* **YOUR TASK**
Where the word "Euler" shows up in the entries below, please copy the whole line.

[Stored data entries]
══════════════════════════════

lemma cheb_Suc_minus:
  assumes "sin x \<noteq> 0"
  shows "cheb (cos x) (Suc k) - cheb (cos x) k = 2 * cos (real k * x)"
proof -
  have s: "sin x ^ 2 = 1 - cos x ^ 2" by (simp add: sin_squared_eq)
  have "real (Suc k) * x = real k * x + x" by (simp add: algebra_simps)
  hence "cheb (cos x) (Suc k) - cheb (cos x) k = (sin (real k * x + x) - sin (real k * x)) * (1 + cos x) / sin x - (cos (real k * x + x) - cos (real k * x))"
    unfolding cheb_closed_form[OF assms] using assms by (simp add: field_simps)
  also have "\<dots> = 2 * cos (real k * x)"
    unfolding sin_add cos_add using assms s by (simp add: field_simps power2_eq_square) (simp add: cos_sin_sq_mult)
  finally show ?thesis .
qed

lemma cheb_plus_Suc:
  assumes "sin x \<noteq> 0"
  shows "cheb (cos x) k + cheb (cos x) (Suc k) = 2 * (1 + cos x) * sin (real k * x) / sin x"
proof -
  have s: "sin x ^ 2 = 1 - cos x ^ 2" by (simp add: sin_squared_eq)
  have "real (Suc k) * x = real k * x + x" by (simp add: algebra_simps)
  hence "cheb (cos x) k + cheb (cos x) (Suc k) = (sin (real k * x) + sin (real k * x + x)) * (1 + cos x) / sin x - (cos (real k * x) + cos (real k * x + x))"
    unfolding cheb_closed_form[OF assms] using assms by (simp add: field_simps)
  also have "\<dots> = 2 * (1 + cos x) * sin (real k * x) / sin x"
    unfolding sin_add cos_add using assms s by (simp add: field_simps power2_eq_square) (simp add: cos_sin_sq_mult)
  finally show ?thesis .
qed

lemma x_cos_le_sin:
  fixes x :: real
  assumes "0 \<le> x" "x \<le> pi"
  shows "x * cos x \<le> sin x"
proof -
  let ?f = "\<lambda>x. sin x - x * cos x"
  have "?f 0 \<le> ?f x"
  proof (rule DERIV_nonneg_imp_nondecreasing[OF assms(1)])
    fix u assume u: "0 \<le> u" "u \<le> x"
    have "(?f has_real_derivative u * sin u) (at u)"
      by (auto intro!: derivative_eq_intros simp: field_simps)
    moreover have "u * sin u \<ge> 0" using u assms by (intro mult_nonneg_nonneg sin_ge_zero) auto
    ultimately show "\<exists>y. (?f has_real_derivative y) (at u) \<and> 0 \<le> y" by blast
  qed
  thus ?thesis by simp
qed

text \<open>Bounds, rational in \<open>n\<close>, for the factor \<open>gain\<close> by which \<open>sin\<^sup>2(k \<theta>\<^sub>+)\<close> is multiplied
  in the success probability, and for the \<open>\<lambda>\<^sub>-\<close> amplitude.\<close>

definition "gain_lower (x::real) = (2*x-2)^2 * ((x+1)*(x-1))^2 / ((2*x+6) * x^2 * (x+1) * (x+3)^2 * 2)"
definition "gain_upper (x::real) = (2*x+6) * (x*(x+3))^2 / (x^2 * (x+1) * (x-1)^2 * (2 - 2/x))"
definition "amp_neg_max (x::real) = 4*(x+1)/(x*(x-1))"

definition "err_bound (x::real) = (x+1)/x^2 + \<bar>gain_upper x - 1\<bar> + \<bar>gain_lower x - 1\<bar> + 4 * gain_upper x / x + gain_upper x / sqrt x
   + (x+1) * sqrt x * (amp_neg_max x)^2 + (x+1) * (amp_neg_max x)^2"

lemma two_abs_mult_le: "c > 0 \<Longrightarrow> 2 * \<bar>a\<bar> * \<bar>b\<bar> \<le> a\<^sup>2 / c + c * (b::real)\<^sup>2"
proof -
  assume c: "c > 0"
  have "0 \<le> (\<bar>a\<bar> - c * \<bar>b\<bar>)\<^sup>2 / c" using c by simp
  also have "(\<bar>a\<bar> - c * \<bar>b\<bar>)\<^sup>2 / c = a\<^sup>2 / c + c * b\<^sup>2 - 2 * \<bar>a\<bar> * \<bar>b\<bar>"
    using c by (simp add: power2_eq_square field_simps)
  finally show ?thesis by simp
qed

lemma gain_field_identity:
  fixes N t R d e a W M :: real
  assumes "N \<noteq> 0" "M \<noteq> 0" "t \<noteq> 0" "R \<noteq> 0" "d \<noteq> 0" "e \<noteq> 0"
  shows "8 * t * (1 / N) * a\<^sup>2 * ((1 / N) * (1 / (N * M)) * W\<^sup>2) / (2 * t * R)\<^sup>2 / ((d / N) * e)
    = (2 * a\<^sup>2 / (t * d)) * (W\<^sup>2 / (N\<^sup>2 * M)) / R\<^sup>2 / e"
  using assms by (simp add: field_simps power2_eq_square)

locale large_params =
  fixes n t :: nat
  assumes n10: "n \<ge> 10" and t1: "t \<ge> 1" and tb: "2 * t \<le> n + 1"
begin

abbreviation "N \<equiv> real n"
text \<open>\<open>gap = n (1 - \<lambda>\<^sub>+)\<close>; it is of order \<open>t / n\<close> since \<open>gap * gap_conj = 8t\<close>.\<close>

definition "gap = (real n + 3 - disc_root n t) / 2"
definition "gap_conj = real n + 3 + disc_root n t"

lemma disc_root_bounds: "disc_root n t \<ge> N - 1" "disc_root n t \<le> N + 3" "(disc_root n t)\<^sup>2 = (N + 3)\<^sup>2 - 16 * real t"
  using disc_root_facts[OF tb] by auto

lemma param_bounds: "2 * real t \<le> N + 1" "real t \<ge> 1" "N \<ge> 10" using tb t1 n10 by linarith+

lemma gap_mult_gap_conj: "gap * gap_conj = 8 * real t"
proof -
  have "gap * gap_conj = ((N + 3)\<^sup>2 - (disc_root n t)\<^sup>2) / 2" unfolding gap_def gap_conj_def by (simp add: power2_eq_square algebra_simps)
  thus ?thesis using disc_root_bounds(3) by simp
qed

lemma gap_conj_bounds: "gap_conj \<ge> 2 * N + 2" "gap_conj \<le> 2 * N + 6" using disc_root_bounds unfolding gap_conj_def by auto

lemma gap_bounds: "gap > 0" "gap \<le> 2" "gap \<le> 4 * real t / N" "gap \<ge> real t / N"
proof -
  have Qp: "gap_conj > 0" using gap_conj_bounds param_bounds by linarith
  have dQ: "gap = 8 * real t / gap_conj" using gap_mult_gap_conj Qp by (simp add: field_simps)
  show "gap > 0" unfolding dQ using Qp param_bounds by simp
  show "gap \<le> 2" using disc_root_bounds unfolding gap_def by simp
  show "gap \<le> 4 * real t / N" unfolding dQ using gap_conj_bounds param_bounds Qp
    by (simp add: field_simps)
  show "gap \<ge> real t / N" unfolding dQ using gap_conj_bounds param_bounds Qp
    by (simp add: field_simps)
qed

lemma mu_pos_eq: "mu_pos n t = N - gap" by (simp add: mu_pos_def gap_def field_simps)
lemma lam_pos_eq: "lam_pos n t = 1 - gap / N" using param_bounds by (simp add: lam_pos_def mu_pos_eq field_simps)
lemma lam_pos_bounds: "lam_pos n t \<ge> 1/2" "lam_pos n t < 1"
proof -
  have "gap / N \<le> 2 / N" using gap_bounds param_bounds by (simp add: divide_right_mono)
  moreover have "2 / N \<le> 1/2" using param_bounds by (simp add: field_simps)
  ultimately show "lam_pos n t \<ge> 1/2" unfolding lam_pos_eq by linarith
  show "lam_pos n t < 1" unfolding lam_pos_eq using gap_bounds param_bounds by simp
qed

lemma mu_neg_bounds: "mu_neg n t \<ge> -3" "mu_neg n t \<le> -1" using disc_root_bounds by (auto simp: mu_neg_def)
lemma lam_neg_bounds: "\<bar>lam_neg n t\<bar> \<le> 1/2"
proof -
  have "\<bar>mu_neg n t\<bar> \<le> 3" using mu_neg_bounds by auto
  hence "\<bar>mu_neg n t\<bar> / N \<le> 3 / N" using param_bounds by (simp add: divide_right_mono)
  moreover have "3 / N \<le> 1/2" using param_bounds by (simp add: field_simps)
  ultimately have "\<bar>mu_neg n t\<bar> / N \<le> 1/2" by linarith
  thus ?thesis unfolding lam_neg_def using param_bounds by (simp add: abs_div)
qed

lemma lam_alt_bounds: "lam_alt n > 0" "lam_alt n \<le> 1/2" using param_bounds by (auto simp: lam_alt_def field_simps)

definition "theta_pos = arccos (lam_pos n t)"
definition "theta_neg = arccos (lam_neg n t)"
definition "theta_alt = arccos (lam_alt n)"
(* Let $\alpha$ be a nonzero real number. Let $\gamma(t)=\Psi(u(t),v(t))$ be an $\alpha$-stationary curve in $\mathbb H^2$ which is not of constant curvature, parametrized by arc length $t$ and not passing through $N$. Then there is a constant $c>0$ such that, expressing $t$ and $v$ as functions of $u$, $$t(u)=\pm\int^u\frac{s^\alpha\sinh(s)}{\sqrt{s^{2\alpha}\sinh^2(s)-c^2}}\,ds,\qquad v(u)=\pm\int^u\frac{c}{\sinh(s)\sqrt{s^{2\alpha}\sinh^2(s)-c^2}}\,ds.$$
   Context: The hyperbolic plane is $\mathbb H^2=\{(x,y,z):x^2+y^2-z^2=-1,\ z>0\}$ with the metric induced by the Lorentzian inner product $\langle x,y\rangle_\epsilon=x_1y_1+x_2y_2-x_3y_3$. It is parametrized by $\Psi(u,v)=(\sinh u\cos v,\sinh u\sin v,\cosh u)$, and $N=(0,0,1)$. The hyperbolic distance from $\Psi(u,v)$ to $N$ is $u$, and the line element is $\sqrt{u'^2+\sinh^2(u)v'^2}\,dt$. The energy of a curve $\gamma(t)=\Psi(u(t),v(t))$ with $u>0$ is $$E_\alpha[\gamma]=\int u^\alpha\sqrt{u'^2+\sinh^2(u)v'^2}\,dt.$$ The curve is $\alpha$-stationary if it is a critical point of $E_\alpha$, i.e. $(u,v)$ satisfies its Euler–Lagrange equations. Equivalently, its geodesic curvature satisfies $\kappa=\alpha\langle\mathbf n,\xi\rangle_\epsilon/u$, where $\mathbf n$ is the unit normal and $\xi=\Psi_u$. Throughout the paper, $\alpha\ne0$ and curves avoid $N$. Integrals $\int^u$ are indefinite, i.e. determined up to additive constants. *)

theory Defs
  imports "HOL-Analysis.Analysis"
begin

definition lor :: "real^3 \<Rightarrow> real^3 \<Rightarrow> real" where
  "lor x y = x$1 * y$1 + x$2 * y$2 - x$3 * y$3"

text \<open>Lorentzian cross product: lor (lcross a b) c = det(a,b,c).\<close>
definition lcross :: "real^3 \<Rightarrow> real^3 \<Rightarrow> real^3" where
  "lcross a b = vector [a$2 * b$3 - a$3 * b$2, a$3 * b$1 - a$1 * b$3, - (a$1 * b$2 - a$2 * b$1)]"

definition Psi :: "real \<Rightarrow> real \<Rightarrow> real^3" where
  "Psi u v = vector [sinh u * cos v, sinh u * sin v, cosh u]"

definition curve :: "(real \<Rightarrow> real) \<Rightarrow> (real \<Rightarrow> real) \<Rightarrow> real \<Rightarrow> real^3" where
  "curve u v t = Psi (u t) (v t)"

definition tangent :: "(real \<Rightarrow> real) \<Rightarrow> (real \<Rightarrow> real) \<Rightarrow> real \<Rightarrow> real^3" where
  "tangent u v t = vector_derivative (curve u v) (at t)"

definition unit_normal :: "(real \<Rightarrow> real) \<Rightarrow> (real \<Rightarrow> real) \<Rightarrow> real \<Rightarrow> real^3" where
  "unit_normal u v t = lcross (curve u v t) (tangent u v t)"

definition geod_curv :: "(real \<Rightarrow> real) \<Rightarrow> (real \<Rightarrow> real) \<Rightarrow> real \<Rightarrow> real" where
  "geod_curv u v t = lor (vector_derivative (tangent u v) (at t)) (unit_normal u v t)"

definition C2_on :: "real set \<Rightarrow> (real \<Rightarrow> real) \<Rightarrow> bool" where
  "C2_on I f \<longleftrightarrow> (\<forall>t\<in>I. f differentiable (at t) \<and> deriv f differentiable (at t))"

definition arc_length_on :: "real set \<Rightarrow> (real \<Rightarrow> real) \<Rightarrow> (real \<Rightarrow> real) \<Rightarrow> bool" where
  "arc_length_on I u v \<longleftrightarrow>
     (\<forall>t\<in>I. (deriv u t)\<^sup>2 + (sinh (u t))\<^sup>2 * (deriv v t)\<^sup>2 = 1)"

text \<open>Euler--Lagrange equations of E_alpha with Lagrangian
  L(u,v,p,q) = u^alpha sqrt(p^2 + sinh^2(u) q^2).\<close>
definition speed :: "(real \<Rightarrow> real) \<Rightarrow> (real \<Rightarrow> real) \<Rightarrow> real \<Rightarrow> real" where
  "speed u v t = sqrt ((deriv u t)\<^sup>2 + (sinh (u t))\<^sup>2 * (deriv v t)\<^sup>2)"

══════════════════════════════

* **SOLVED EXERCISE**
   Context: The hyperbolic plane is $\mathbb H^2=\{(x,y,z):x^2+y^2-z^2=-1,\ z>0\}$ with the metric induced by the Lorentzian inner product $\langle x,y\rangle_\epsilon=x_1y_1+x_2y_2-x_3y_3$. It is parametrized by $\Psi(u,v)=(\sinh u\cos v,\sinh u\sin v,\cosh u)$, and $N=(0,0,1)$. The hyperbolic distance from $\Psi(u,v)$ to $N$ is $u$, and the line element is $\sqrt{u'^2+\sinh^2(u)v'^2}\,dt$. The energy of a curve $\gamma(t)=\Psi(u(t),v(t))$ with $u>0$ is $$E_\alpha[\gamma]=\int u^\alpha\sqrt{u'^2+\sinh^2(u)v'^2}\,dt.$$ The curve is $\alpha$-stationary if it is a critical point of $E_\alpha$, i.e. $(u,v)$ satisfies its Euler–Lagrange equations. Equivalently, its geodesic curvature satisfies $\kappa=\alpha\langle\mathbf n,\xi\rangle_\epsilon/u$, where $\mathbf n$ is the unit normal and $\xi=\Psi_u$. Throughout the paper, $\alpha\ne0$ and curves avoid $N$. Integrals $\int^u$ are indefinite, i.e. determined up to additive constants. *)
text \<open>Euler--Lagrange equations of E_alpha with Lagrangian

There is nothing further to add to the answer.